For the (b)(4) study, you (IRB Chairman, Carlton F. Hazlewood, Ph.D.) are listed as a clinical investigator on the “Certification: Financial Interests and Arrangements of Clinical Investigators”; you are also listed as being an ex-officio advisor to the (b)(4)/IBR Central Registry Control Committee/Data Monitoring Committee. Therefore, you had a conflict of interest.

Minutes of the August 8, 2008 IRB meeting indicate that you attended this meeting and participated in the discussion of the (b)(4) study. At this meeting, the IRB voted to draft a letter to (b)(4) to inquire about the status of the animal toxicity studies. According to the minutes, all members were in favor, none were opposed, and none abstained. Minutes of the October 24, 2008 IRB meeting indicate that you attended the meeting and participated in the discussion of the (b)(4) study. At this meeting, the IRB voted to draft a letter to (b)(4) informing them that their application was on hold. The vote on this action is recorded as unanimous; therefore, according to the minutes of these two IRB meetings, you participated in the review of this study and voted on it even though you had a conflict of interest. We also note that you signed off on all correspondence sent by the IRB to Dr. (b)(6) and the sponsor in regard to this study.


Our inspection revealed that, in some instances, when an IRB member had a conflict of interest for a particular study, another person, who was not an IRB member, was allowed to take the place of the conflicted member and participate in the IRB’s action. There is no provision in FDA regulations for this type of action.

In other words, the IRB played fast and loose with its membership roster.
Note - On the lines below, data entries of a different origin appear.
section \<open>JB*-triples\<close>

lemma complex_JB_tripleD:
  assumes "complex_JB_triple J T"
  shows "complex_structure J" "linear (\<lambda>x. T x y z)" "linear (\<lambda>y. T x y z)" "linear (T x y)"
    "T (J x) y z = J (T x y z)" "T x (J y) z = - J (T x y z)" "T x y z = T z y x"
    "\<exists>K. \<forall>x y z. norm (T x y z) \<le> K * norm x * norm y * norm z"
    "hermitian J (Blinfun (T a a))"
  by (use assms[unfolded complex_JB_triple_def] in \<open>blast | auto\<close>)+

lemma complex_JB_triple_bounded_linear:
  assumes "complex_JB_triple J T"
  shows "bounded_linear (T a b)"
proof -
  obtain K where K: "\<And>x y z. norm (T x y z) \<le> K * norm x * norm y * norm z"
    using complex_JB_tripleD(8)[OF assms] by blast
  show ?thesis
  proof (rule bounded_linear_intro)
    show "T a b (x + y) = T a b x + T a b y" "T a b (r *\<^sub>R x) = r *\<^sub>R T a b x" for x y r
      using complex_JB_tripleD(4)[OF assms] by (simp_all add: linear_add linear_scale)
    show "norm (T a b x) \<le> norm x * (K * norm a * norm b)" for x
      using K[of a b x] by (simp add: ac_simps)
  qed
qed

lemma bounded_linear_delta:
  assumes "complex_JB_triple J T"
  shows "bounded_linear (delta T a b)"
  unfolding delta_def[abs_def]
  by (rule bounded_linear_sub[OF complex_JB_triple_bounded_linear[OF assms]
        complex_JB_triple_bounded_linear[OF assms]])

lemma delta_commute_J:
  assumes "complex_JB_triple J T"
  shows "delta T a b (J x) = J (delta T a b x)"
proof -
  have "T u v (J x) = J (T u v x)" for u v
    using complex_JB_tripleD(5,7)[OF assms] by metis
  then show ?thesis
    unfolding delta_def
    by (simp add: linear_diff complex_structureD(1)[OF complex_JB_tripleD(1)[OF assms]])
qed

lemma delta_eq_J_L:
  assumes "complex_JB_triple J T"
  shows "delta T a b x = J (T (a + J b) (a + J b) x) - J (T a a x) - J (T b b x)"
proof -
  note J = complex_structureD(1,2)[OF complex_JB_tripleD(1)[OF assms]]
  note lin1 = complex_JB_tripleD(2)[OF assms] and lin2 = complex_JB_tripleD(3)[OF assms]
  note J12 = complex_JB_tripleD(5,6)[OF assms]
  have "T (a + J b) (a + J b) x = T a a x + T a (J b) x + T (J b) a x + T (J b) (J b) x"
    using linear_add[OF lin1] linear_add[OF lin2] by simp
  also have "\<dots> = T a a x - J (T a b x) + J (T b a x) + T b b x"
    using J12 J(2) linear_neg[OF J(1)] by simp
  finally have "J (T (a + J b) (a + J b) x) = J (T a a x) + T a b x - T b a x + J (T b b x)"
    using J linear_add[OF J(1)] linear_diff[OF J(1)] by simp
  then show ?thesis unfolding delta_def by (simp add: algebra_simps)
qed

lemma second_order_contractive_J_L:
  assumes "complex_JB_triple J T"
  shows "second_order_contractive_on S (\<lambda>x. J (T w w x))"
proof -
  note J = complex_structureD[OF complex_JB_tripleD(1)[OF assms]]
  have "bounded_linear J"
    by (rule bounded_linear_intro[where K=1]) (simp_all add: J linear_add linear_scale)
  then have apply_eq: "blinfun_apply (Blinfun J o\<^sub>L Blinfun (T w w)) = (\<lambda>x. J (T w w x))"
    using complex_JB_triple_bounded_linear[OF assms]
    by (simp add: bounded_linear_Blinfun_apply fun_eq_iff)
  have "hermitian J (Blinfun (T w w))" by (rule complex_JB_tripleD(9)[OF assms])
  then have "second_order_contractive_on S (blinfun_apply (Blinfun J o\<^sub>L Blinfun (T w w)))"
    unfolding hermitian_def by (intro second_order_contractive_if_exp_contractive) simp
  then show ?thesis unfolding apply_eq .
qed

lemma second_order_contractive_delta:
  assumes "complex_JB_triple J T"
  shows "second_order_contractive_on S (delta T a b)"
proof -
  have "second_order_contractive_on S
      (\<lambda>x. (J (T (a + J b) (a + J b) x) + - J (T a a x)) + - J (T b b x))"
    by (intro second_order_contractive_on_add second_order_contractive_on_uminus
        second_order_contractive_J_L[OF assms])
  then show ?thesis by (simp add: delta_eq_J_L[OF assms, abs_def])
qed

lemma M_ideal_delta_invariant_complex:
  assumes T: "complex_JB_triple J T" and M: "M_ideal (cscale J) UNIV M"
  shows "delta T a b ` M \<subseteq> M"
proof -
  interpret scalar_subspace "cscale J" UNIV
    by unfold_locales (simp_all add: cscale_def)
  have "delta T a b (cscale J c x) = cscale J c (delta T a b x)" for c x
    using linear_add[OF bounded_linear.linear[OF bounded_linear_delta[OF T]]]
      linear_scale[OF bounded_linear.linear[OF bounded_linear_delta[OF T]]]
    by (simp add: cscale_def delta_commute_J[OF T])
  then show ?thesis
    using annihilator_separates_complex[OF complex_JB_tripleD(1)[OF T] M]
    by (intro M_ideal_invariant[OF M bounded_linear_delta[OF T] _ _
          second_order_contractive_delta[OF T]])
      auto
qed

lemma M_ideal_delta_invariant_real:
  assumes T: "real_JB_triple J T E" and M: "M_ideal scaleR E M" and ab: "a \<in> E" "b \<in> E"
  shows "delta T a b ` M \<subseteq> M"
proof -
  have cT: "complex_JB_triple J T" and E: "subspace E"
    and T_E: "\<And>x y z. x \<in> E \<Longrightarrow> y \<in> E \<Longrightarrow> z \<in> E \<Longrightarrow> T x y z \<in> E"
    using T unfolding real_JB_triple_def by blast+
  interpret scalar_subspace scaleR E
    by unfold_locales (simp_all add: E subspace_scale)
  have "delta T a b x \<in> E" if "x \<in> E" for x
    unfolding delta_def using T_E ab that subspace_diff[OF E] by blast
  then show ?thesis
    using annihilator_separates_real[OF E M]
      linear_scale[OF bounded_linear.linear[OF bounded_linear_delta[OF cT]]]
    by (intro M_ideal_invariant[OF M bounded_linear_delta[OF cT] _ _
          second_order_contractive_delta[OF cT]])
      auto
qed

theorem corollary3p3:
  fixes J :: "'a::banach \<Rightarrow> 'a" and T :: "'a \<Rightarrow> 'a \<Rightarrow> 'a \<Rightarrow> 'a"
  shows
    "(complex_JB_triple J T \<and> M_ideal (cscale J) (UNIV :: 'a set) M
        \<longrightarrow> (\<forall>a b. delta T a b ` M \<subseteq> M))
     \<and> (\<forall>E M. real_JB_triple J T E \<and> M_ideal (scaleR :: real \<Rightarrow> 'a \<Rightarrow> 'a) E M
        \<longrightarrow> (\<forall>a\<in>E. \<forall>b\<in>E. delta T a b ` M \<subseteq> M))
     \<and> (\<forall>W M (\<Phi> :: ('p::banach \<Rightarrow>\<^sub>L real) \<Rightarrow> 'a). real_JBW_triple J T W \<Phi> \<and> M_summand W M
        \<longrightarrow> (\<forall>a\<in>W. \<forall>b\<in>W. delta T a b ` M \<subseteq> M))"
proof (intro conjI allI impI ballI)
  show "delta T a b ` M \<subseteq> M" if "complex_JB_triple J T \<and> M_ideal (cscale J) UNIV M" for a b
    using M_ideal_delta_invariant_complex that by blast
next
  fix E M' a b
  assume "real_JB_triple J T E \<and> M_ideal scaleR E M'" "a \<in> E" "b \<in> E"
  then show "delta T a b ` M' \<subseteq> M'" using M_ideal_delta_invariant_real by blast
next
  fix W M' and \<Phi> :: "('p::banach \<Rightarrow>\<^sub>L real) \<Rightarrow> 'a" and a b
  assume W: "real_JBW_triple J T W \<Phi> \<and> M_summand W M'" and ab: "a \<in> W" "b \<in> W"
  then have T: "real_JB_triple J T W" unfolding real_JBW_triple_def by blast
  then have "M_ideal scaleR W M'"
    using M_summand_imp_M_ideal W unfolding real_JB_triple_def by blast
  then show "delta T a b ` M' \<subseteq> M'" using M_ideal_delta_invariant_real[OF T _ ab] by blast
qed

end
lemma inj_on_leg_count: "inj_on (leg_count l \<mu>) (typeL_indices l \<mu> j)"
proof (rule inj_onI)
  fix i i' assume i: "i \<in> typeL_indices l \<mu> j" "i' \<in> typeL_indices l \<mu> j"
    and e: "leg_count l \<mu> i = leg_count l \<mu> i'"
  then have "frob_b \<mu> i = frob_b \<mu> i'"
    using leg_count_eq[OF l, of \<mu> i] leg_count_eq[OF l, of \<mu> i'] by (simp add: typeL_indices_def)
  then show "i = i'" using inj_on_frob_b[OF mu] i by (auto simp: typeL_indices_def dest: inj_onD)
qed

lemma card_typeA_indices_eq: "j < l \<Longrightarrow> card (typeA_indices l \<mu> j) = card (typeL_indices l \<mu> j)"
  unfolding typeA_indices_def typeL_indices_def by (rule card_typeA_eq_card_typeL[OF l mu ec])

lemma arm_count_pos_type0:
  assumes "i \<in> typeA_indices l \<mu> 0"
  shows "1 \<le> arm_count l \<mu> i"
proof -
  have "int l * int (arm_count l \<mu> i) = int (frob_a \<mu> i + 1)"
    using arm_count_eq[OF l, of \<mu> i] assms by (simp add: typeA_indices_def)
  then have "0 < int l * int (arm_count l \<mu> i)" by simp
  then show ?thesis by (simp add: zero_less_mult_iff)
qed

lemma leg_count_pos:
  assumes "i \<in> typeL_indices l \<mu> j" "j \<noteq> 0"
  shows "1 \<le> leg_count l \<mu> i"
proof -
  have "1 \<le> frob_b \<mu> i" using assms by (cases "frob_b \<mu> i") (auto simp: typeL_indices_def typeL_def)
  moreover have "0 \<le> (- int (typeL l \<mu> i)) mod int l" using l by simp
  ultimately have "0 < int l * int (leg_count l \<mu> i)" using leg_count_eq[OF l, of \<mu> i] by simp
  then show ?thesis by (simp add: zero_less_mult_iff)
qed

lemma type_contents_0_eq_hooks:
  "type_contents l \<mu> 0
     = (\<Sum>\<alpha>\<in>(\<lambda>i. arm_count l \<mu> i - 1) ` typeA_indices l \<mu> 0. mset_set {0..int \<alpha>})
       + (\<Sum>\<beta>\<in>leg_count l \<mu> ` typeL_indices l \<mu> 0. mset_set {- int \<beta>..-1})"
proof -
  have "inj_on (\<lambda>i. arm_count l \<mu> i - 1) (typeA_indices l \<mu> 0)"
    using inj_on_arm_count arm_count_pos_type0 by (rule inj_on_diff_1)
  then have "(\<Sum>\<alpha>\<in>(\<lambda>i. arm_count l \<mu> i - 1) ` typeA_indices l \<mu> 0. mset_set {0..int \<alpha>})
      = (\<Sum>i\<in>typeA_indices l \<mu> 0. mset_set (arm_interval l \<mu> i))"
    by (rule sum.reindex_cong[OF _ refl])
       (use arm_count_pos_type0 in \<open>auto simp: arm_interval_def typeA_indices_def of_nat_diff\<close>)
  moreover have "(\<Sum>\<beta>\<in>leg_count l \<mu> ` typeL_indices l \<mu> 0. mset_set {- int \<beta>..-1})
      = (\<Sum>i\<in>typeL_indices l \<mu> 0. mset_set (leg_interval l \<mu> i))"
    by (rule sum.reindex_cong[OF inj_on_leg_count refl])
       (simp add: leg_interval_def typeL_indices_def)
  ultimately show ?thesis by (simp add: type_contents_def)
qed

lemma sum_leg_intervals_eq_hooks:
  assumes j: "j \<noteq> 0"
  shows "(\<Sum>i\<in>typeL_indices l \<mu> j. mset_set (leg_interval l \<mu> i))
     = (\<Sum>i\<in>typeL_indices l \<mu> j. {#0#})
       + (\<Sum>\<beta>\<in>(\<lambda>i. leg_count l \<mu> i - 1) ` typeL_indices l \<mu> j. mset_set {- int \<beta>..-1})"
proof -
  let ?IL = "typeL_indices l \<mu> j"
  have "inj_on (\<lambda>i. leg_count l \<mu> i - 1) ?IL"
    using leg_count_pos j by (intro inj_on_diff_1[OF inj_on_leg_count])
  then have leg_hooks: "(\<Sum>\<beta>\<in>(\<lambda>i. leg_count l \<mu> i - 1) ` ?IL. mset_set {- int \<beta>..-1})
      = (\<Sum>i\<in>?IL. mset_set {1 - int (leg_count l \<mu> i)..-1})"
    by (rule sum.reindex_cong[OF _ refl]) (use leg_count_pos j in \<open>auto simp: of_nat_diff\<close>)
  have "(\<Sum>i\<in>?IL. mset_set (leg_interval l \<mu> i))
      = (\<Sum>i\<in>?IL. {#0#} + mset_set {1 - int (leg_count l \<mu> i)..-1})"
  proof (rule sum.cong)
    fix i assume "i \<in> ?IL"
    then have "{1 - int (leg_count l \<mu> i)..0} = insert 0 {1 - int (leg_count l \<mu> i)..-1}"
      "typeL l \<mu> i = j" using leg_count_pos j by (auto simp: typeL_indices_def)
    then show "mset_set (leg_interval l \<mu> i) = {#0#} + mset_set {1 - int (leg_count l \<mu> i)..-1}"
      using j by (simp add: leg_interval_def)
  qed simp
  also have "\<dots> = (\<Sum>i\<in>?IL. {#0#}) + (\<Sum>i\<in>?IL. mset_set {1 - int (leg_count l \<mu> i)..-1})"
    by (rule sum.distrib)
  finally show "(\<Sum>i\<in>?IL. mset_set (leg_interval l \<mu> i))
      = (\<Sum>i\<in>?IL. {#0#}) + (\<Sum>\<beta>\<in>(\<lambda>i. leg_count l \<mu> i - 1) ` ?IL. mset_set {- int \<beta>..-1})"
    unfolding leg_hooks .
qed

text \<open>For type \<open>j \<noteq> 0\<close> the intervals \<open>[1..A\<^sub>i]\<close> and \<open>[1 - L\<^sub>i..0]\<close> are not halves of hooks,
  but there are as many arm as leg intervals, so moving the content \<open>0\<close> from each leg to
  an arm interval gives hooks.\<close>
lemma type_contents_eq_hooks:
  assumes j: "j < l" "j \<noteq> 0"
  shows "type_contents l \<mu> j
     = (\<Sum>\<alpha>\<in>arm_count l \<mu> ` typeA_indices l \<mu> j. mset_set {0..int \<alpha>})
       + (\<Sum>\<beta>\<in>(\<lambda>i. leg_count l \<mu> i - 1) ` typeL_indices l \<mu> j. mset_set {- int \<beta>..-1})"
proof -
  let ?IA = "typeA_indices l \<mu> j" and ?IL = "typeL_indices l \<mu> j"
  have finA: "finite ?IA" and finL: "finite ?IL" by (simp_all add: typeA_indices_def typeL_indices_def)
  have "(\<Sum>\<alpha>\<in>arm_count l \<mu> ` ?IA. mset_set {0..int \<alpha>})
      = (\<Sum>i\<in>?IA. {#0#} + mset_set {1..int (arm_count l \<mu> i)})"
  proof (rule sum.reindex_cong[OF inj_on_arm_count refl])
    fix i
    have "{0..int (arm_count l \<mu> i)} = insert 0 {1..int (arm_count l \<mu> i)}" by auto
    then show "mset_set {0..int (arm_count l \<mu> i)} = {#0#} + mset_set {1..int (arm_count l \<mu> i)}"
      by simp
  qed
  also have "\<dots> = (\<Sum>i\<in>?IA. {#0#}) + (\<Sum>i\<in>?IA. mset_set {1..int (arm_count l \<mu> i)})"
    by (rule sum.distrib)
  also have "(\<Sum>i\<in>?IA. {#0#}) = (\<Sum>i\<in>?IL. {#0#})"
    using card_typeA_indices_eq[OF j(1)] finA finL by (rule sum_const_eq_if_card_eq[rotated 2])
  also have "(\<Sum>i\<in>?IA. mset_set {1..int (arm_count l \<mu> i)}) = (\<Sum>i\<in>?IA. mset_set (arm_interval l \<mu> i))"
    using j(2) by (intro sum.cong) (simp_all add: arm_interval_def typeA_indices_def)
  finally have arms: "(\<Sum>\<alpha>\<in>arm_count l \<mu> ` ?IA. mset_set {0..int \<alpha>})
      = (\<Sum>i\<in>?IL. {#0#}) + (\<Sum>i\<in>?IA. mset_set (arm_interval l \<mu> i))" .
  show ?thesis
    unfolding type_contents_def arms sum_leg_intervals_eq_hooks[OF j(2)] by (simp only: add.assoc add.commute add.left_commute)
qed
Talk about the fox guarding the chicken coop! Is anyone willing to bet that there’s more than just this? This is the conflict of interest that could be documented on paper, a COI for which Hazlewood screwed up. I’d be willing to bet that Hazlewood has his hooks in many of Burzynski’s studies, just not as a co-investigator of one study. After all, he’s worked for Burzynski since the early 1980s and has been IRB chair since 1993. At the risk of being repetitive, I think it’s absolutely appropriate to point out one more time that Burzynski’s fans would go absolutely nuts if they discovered that a scientist who is listed as a co-investigator on a study for a drug company served on the IRB overseeing his study not just as a member, but as the chair of the committee!

OK, OK, I’ll stop now. I realize I might be pounding this point too hard. I hope you’ll understand, though. Being a clinical investigator myself, my mind just boggles thinking about this, and I can’t comprehend how Burzynski and Hazlewood have been able to get away with playing fast and loose with human subjects protection rules at least since the 1990s. I just can’t. That the FDA apparently approved a phase III clinical trial for any disease at the Burzynski Clinic after finding these violations is something I have even more trouble understanding. I’ve heard of whole medical schools being in danger of having their ability to do clinical research shut down until they corrected violations this serious; yet somehow Burzynski continues.